**What needs to be done:** Lines to return, exactly: from the line with "w \<and> (AE" to the line with "text \<open>Space-time cylinder" in the entries below, both included.

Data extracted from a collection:
(* Let $\Omega\subset\mathbb{R}^N$ be a bounded domain with smooth boundary, $a>0$, $b\in L^\infty(\Omega)$ nonnegative, and suppose there is an open set $\Omega_0$ with smooth boundary such that $b=0$ a.e. on $\Omega_0$ and for every open $\Omega'\Subset\Omega\setminus\Omega_0$ there is $\underline b>0$ with $b\ge\underline b$ a.e. on $\Omega'$. Let $u_0\in H_0^1(\Omega)\cap L^\infty(\Omega)$ with $0\le u_0\le1$ a.e. in $\Omega\setminus\Omega_0$, and for $p>1$ let $u_p$ be the unique global positive solution of $\partial_tu-\Delta u=au-b(x)u^p$ in $\Omega\times(0,\infty)$, $u=0$ on $\partial\Omega\times(0,\infty)$, $u(0)=u_0$. Let $u$ be a limit of $u_p$ as $p\to+\infty$ along a subsequence, in the sense that for every $T>0$, $u_p\to u$ strongly in $L^2(\Omega\times(0,T))$, weakly in $L^2(0,T;H_0^1(\Omega))$, and $\partial_tu_p\rightharpoonup\partial_tu$ weakly in $L^2(\Omega\times(0,T))$. Then $u(t)\in\mathbb{K}_0$ for a.e. $t>0$, where $\mathbb{K}_0=\{w\in H_0^1(\Omega):w\le1\text{ a.e. in }\Omega\setminus\Omega_0\}$. *)

theory Defs
  imports "HOL-Analysis.Analysis"
begin

coinductive smooth_on :: "'a::real_normed_vector set \<Rightarrow> ('a \<Rightarrow> real) \<Rightarrow> bool" where
  "(\<forall>x\<in>U. f differentiable (at x)) \<Longrightarrow>
   (\<forall>v. smooth_on U (\<lambda>x. frechet_derivative f (at x) v)) \<Longrightarrow> smooth_on U f"

definition test_fun :: "'a::euclidean_space set \<Rightarrow> ('a \<Rightarrow> real) \<Rightarrow> bool" where
  "test_fun U \<phi> \<longleftrightarrow> smooth_on UNIV \<phi> \<and> compact (closure {x. \<phi> x \<noteq> 0})
      \<and> closure {x. \<phi> x \<noteq> 0} \<subseteq> U"

definition grad :: "('a::euclidean_space \<Rightarrow> real) \<Rightarrow> 'a \<Rightarrow> 'a" where
  "grad \<phi> x = (\<Sum>i\<in>Basis. frechet_derivative \<phi> (at x) i *\<^sub>R i)"

definition gradx :: "(real \<times> 'a::euclidean_space \<Rightarrow> real) \<Rightarrow> real \<times> 'a \<Rightarrow> 'a" where
  "gradx \<psi> z = (\<Sum>i\<in>Basis. frechet_derivative \<psi> (at z) (0, i) *\<^sub>R i)"

definition dt :: "(real \<times> 'a::euclidean_space \<Rightarrow> real) \<Rightarrow> real \<times> 'a \<Rightarrow> real" where
  "dt \<psi> z = frechet_derivative \<psi> (at z) (1, 0)"

definition smooth_boundary :: "'a::euclidean_space set \<Rightarrow> bool" where
  "smooth_boundary \<Omega> \<longleftrightarrow> (\<forall>x0\<in>frontier \<Omega>. \<exists>U \<rho>. open U \<and> x0 \<in> U \<and> smooth_on U \<rho> \<and>
      (\<forall>x\<in>U. grad \<rho> x \<noteq> 0) \<and> \<Omega> \<inter> U = {x\<in>U. \<rho> x < 0})"

definition smooth_domain :: "'a::euclidean_space set \<Rightarrow> bool" where
  "smooth_domain \<Omega> \<longleftrightarrow> open \<Omega> \<and> connected \<Omega> \<and> \<Omega> \<noteq> {} \<and> bounded \<Omega> \<and> smooth_boundary \<Omega>"

definition L2_on :: "'b::euclidean_space set \<Rightarrow> ('b \<Rightarrow> real) \<Rightarrow> bool" where
  "L2_on S f \<longleftrightarrow> set_borel_measurable lborel S f \<and> set_integrable lborel S (\<lambda>x. (f x)\<^sup>2)"

definition L2v_on :: "'b::euclidean_space set \<Rightarrow> ('b \<Rightarrow> 'c::euclidean_space) \<Rightarrow> bool" where
  "L2v_on S g \<longleftrightarrow> set_borel_measurable lborel S g \<and> set_integrable lborel S (\<lambda>x. (norm (g x))\<^sup>2)"

definition Linfty_on :: "'b::euclidean_space set \<Rightarrow> ('b \<Rightarrow> real) \<Rightarrow> bool" where
  "Linfty_on S f \<longleftrightarrow> set_borel_measurable lborel S f \<and> (\<exists>M. AE x in lborel. x \<in> S \<longrightarrow> \<bar>f x\<bar> \<le> M)"

definition H01_grad :: "'a::euclidean_space set \<Rightarrow> ('a \<Rightarrow> real) \<Rightarrow> ('a \<Rightarrow> 'a) \<Rightarrow> bool" where
  "H01_grad \<Omega> w g \<longleftrightarrow> L2_on \<Omega> w \<and> L2v_on \<Omega> g \<and>
     (\<exists>\<phi>. (\<forall>k. test_fun \<Omega> (\<phi> k)) \<and>
        (\<lambda>k. LINT x:\<Omega>|lborel. (\<phi> k x - w x)\<^sup>2) \<longlonglongrightarrow> 0 \<and>
        (\<lambda>k. LINT x:\<Omega>|lborel. (norm (grad (\<phi> k) x - g x))\<^sup>2) \<longlonglongrightarrow> 0)"

definition H01 :: "'a::euclidean_space set \<Rightarrow> ('a \<Rightarrow> real) \<Rightarrow> bool" where
  "H01 \<Omega> w \<longleftrightarrow> (\<exists>g. H01_grad \<Omega> w g)"

definition K0 :: "'a::euclidean_space set \<Rightarrow> 'a set \<Rightarrow> ('a \<Rightarrow> real) set" where
  "K0 \<Omega> \<Omega>0 = {w. H01 \<Omega> w \<and> (AE x in lborel. x \<in> \<Omega> - \<Omega>0 \<longrightarrow> w x \<le> 1)}"

text \<open>Space-time cylinder Omega x (0,T), written with time first.\<close>
definition cyl :: "'a::euclidean_space set \<Rightarrow> real \<Rightarrow> (real \<times> 'a) set" where
  "cyl \<Omega> T = {0<..<T} \<times> \<Omega>"

definition L2H01 :: "'a::euclidean_space set \<Rightarrow> real \<Rightarrow> (real \<Rightarrow> 'a \<Rightarrow> real) \<Rightarrow> (real \<Rightarrow> 'a \<Rightarrow> 'a) \<Rightarrow> bool" where
  "L2H01 \<Omega> T u G \<longleftrightarrow> L2_on (cyl \<Omega> T) (\<lambda>z. u (fst z) (snd z)) \<and>
     L2v_on (cyl \<Omega> T) (\<lambda>z. G (fst z) (snd z)) \<and>
     (AE t in lborel. t \<in> {0<..<T} \<longrightarrow> H01_grad \<Omega> (u t) (G t))"

definition time_deriv :: "'a::euclidean_space set \<Rightarrow> real \<Rightarrow> (real \<Rightarrow> 'a \<Rightarrow> real) \<Rightarrow> (real \<Rightarrow> 'a \<Rightarrow> real) \<Rightarrow> bool" where
  "time_deriv \<Omega> T u D \<longleftrightarrow> L2_on (cyl \<Omega> T) (\<lambda>z. D (fst z) (snd z)) \<and>
     (\<forall>\<psi>. test_fun (cyl \<Omega> T) \<psi> \<longrightarrow>
        (LINT z:cyl \<Omega> T|lborel. u (fst z) (snd z) * dt \<psi> z)
          = - (LINT z:cyl \<Omega> T|lborel. D (fst z) (snd z) * \<psi> z))"

definition global_solution ::
  "'a::euclidean_space set \<Rightarrow> real \<Rightarrow> ('a \<Rightarrow> real) \<Rightarrow> real \<Rightarrow> ('a \<Rightarrow> real) \<Rightarrow>
   (real \<Rightarrow> 'a \<Rightarrow> real) \<Rightarrow> (real \<Rightarrow> 'a \<Rightarrow> 'a) \<Rightarrow> (real \<Rightarrow> 'a \<Rightarrow> real) \<Rightarrow> bool" where
  "global_solution \<Omega> a b p u0 u G D \<longleftrightarrow>
     (\<forall>T>0. L2H01 \<Omega> T u G \<and> time_deriv \<Omega> T u D \<and>
        Linfty_on (cyl \<Omega> T) (\<lambda>z. u (fst z) (snd z)) \<and>
        (\<forall>\<psi>. test_fun (cyl \<Omega> T) \<psi> \<longrightarrow>
           (LINT z:cyl \<Omega> T|lborel. D (fst z) (snd z) * \<psi> z + G (fst z) (snd z) \<bullet> gradx \<psi> z)
           = (LINT z:cyl \<Omega> T|lborel.
                (a * u (fst z) (snd z) - b (snd z) * u (fst z) (snd z) powr p) * \<psi> z))) \<and>
     (AE z in lborel. z \<in> {0<..} \<times> \<Omega> \<longrightarrow> u (fst z) (snd z) \<ge> 0) \<and>
     ((\<lambda>t. LINT x:\<Omega>|lborel. (u t x - u0 x)\<^sup>2) \<longlongrightarrow> 0) (at_right 0)"

definition weak_L2 :: "'b::euclidean_space set \<Rightarrow> (nat \<Rightarrow> 'b \<Rightarrow> real) \<Rightarrow> ('b \<Rightarrow> real) \<Rightarrow> bool" where
  "weak_L2 S F f \<longleftrightarrow> (\<forall>\<psi>. L2_on S \<psi> \<longrightarrow>
     (\<lambda>k. LINT x:S|lborel. F k x * \<psi> x) \<longlonglongrightarrow> (LINT x:S|lborel. f x * \<psi> x))"

definition weak_L2v :: "'b::euclidean_space set \<Rightarrow> (nat \<Rightarrow> 'b \<Rightarrow> 'c::euclidean_space) \<Rightarrow> ('b \<Rightarrow> 'c) \<Rightarrow> bool" where
  "weak_L2v S F f \<longleftrightarrow> (\<forall>\<Psi>. L2v_on S \<Psi> \<longrightarrow>
     (\<lambda>k. LINT x:S|lborel. F k x \<bullet> \<Psi> x) \<longlonglongrightarrow> (LINT x:S|lborel. f x \<bullet> \<Psi> x))"

end

theory Submission
  imports Defs
begin

text \<open>Test the equation for U k against a bump function \<psi> supported in a small space-time
  ball around (t0, x0) with x0 outside the closure of \<Omega>0. Weak convergence of U k, of its
  gradient and of its time derivative bounds the integral of b (U k)^(p k) \<psi> uniformly in k,
  and since b and \<psi> are bounded below near (t0, x0), so is the integral of (U k)^(p k) there.
  By Markov's inequality U k exceeds 1 + \<epsilon> only on a set of measure O((1 + \<epsilon>)^(- p k)), and
  strong L2 convergence turns this into u \<le> 1 a.e. near (t0, x0). A countable subcover extends
  the bound to (0, \<infinity>) \<times> (\<Omega> - closure \<Omega>0), the smooth boundary of \<Omega>0 is a null set, and Fubini
  gives u t \<le> 1 a.e. on \<Omega> - \<Omega>0 for a.e. t > 0; that u t lies in H01 is part of the assumed
  regularity of the limit.\<close>

section \<open>Smooth cutoff and bump functions\<close>

text \<open>cutoff_deriv k is the k-th derivative of exp(-1/s): differentiating Q(1/s) exp(-1/s)
  gives R(1/s) exp(-1/s) with R(y) = y^2 (Q(y) - Q'(y)).\<close>
fun cutoff_poly :: "nat \<Rightarrow> real poly" where
  "cutoff_poly 0 = 1"
| "cutoff_poly (Suc k) = [:0, 0, 1:] * (cutoff_poly k - pderiv (cutoff_poly k))"

definition cutoff_deriv :: "nat \<Rightarrow> real \<Rightarrow> real" where
  "cutoff_deriv k s = (if s > 0 then poly (cutoff_poly k) (inverse s) * exp (- inverse s) else 0)"

abbreviation cutoff :: "real \<Rightarrow> real" where
  "cutoff \<equiv> cutoff_deriv 0"

lemma poly_over_exp_tendsto_0: "((\<lambda>x. poly P x / exp x) \<longlongrightarrow> (0::real)) at_top"
proof -
  have "((\<lambda>x. \<Sum>i\<le>degree P. coeff P i * (x ^ i / exp x)) \<longlongrightarrow> (\<Sum>i\<le>degree P. coeff P i * 0)) at_top"
    by (intro tendsto_sum tendsto_mult tendsto_const tendsto_power_div_exp_0)
  then show ?thesis
    by (simp add: poly_altdef sum_divide_distrib)
qed

lemma cutoff_deriv_has_derivative_pos:
  assumes "s > 0"
  shows "(cutoff_deriv k has_real_derivative cutoff_deriv (Suc k) s) (at s)"
proof -
  have inv: "(inverse has_real_derivative - (inverse s ^ 2)) (at s)"
    using assms DERIV_inverse[of s UNIV] by (simp add: eval_nat_numeral)
  note d = DERIV_mult[OF DERIV_chain2[OF poly_DERIV inv] DERIV_chain2[OF DERIV_exp DERIV_minus[OF inv]],
      of "cutoff_poly k"]
  have "\<forall>\<^sub>F y in nhds s. poly (cutoff_poly k) (inverse y) * exp (- inverse y) = cutoff_deriv k y"
    using eventually_nhds_in_open[of "{0<..}" s] assms
    by (auto elim!: eventually_mono simp: cutoff_deriv_def)
  moreover have "poly (pderiv (cutoff_poly k)) (inverse s) * - (inverse s ^ 2) * exp (- inverse s)
      + poly (cutoff_poly k) (inverse s) * (exp (- inverse s) * - (- (inverse s ^ 2)))
      = cutoff_deriv (Suc k) s"
    using assms by (simp add: cutoff_deriv_def algebra_simps power2_eq_square)
  ultimately show ?thesis
    using d by (simp add: DERIV_cong_ev[OF refl] mult_ac)
qed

**Result of the exercise:**
  "K0 \<Omega> \<Omega>0 = {w. H01 \<Omega> w \<and> (AE x in lborel. x \<in> \<Omega> - \<Omega>0 \<longrightarrow> w x \<le> 1)}"

text \<open>Space-time cylinder Omega x (0,T), written with time first.\<close>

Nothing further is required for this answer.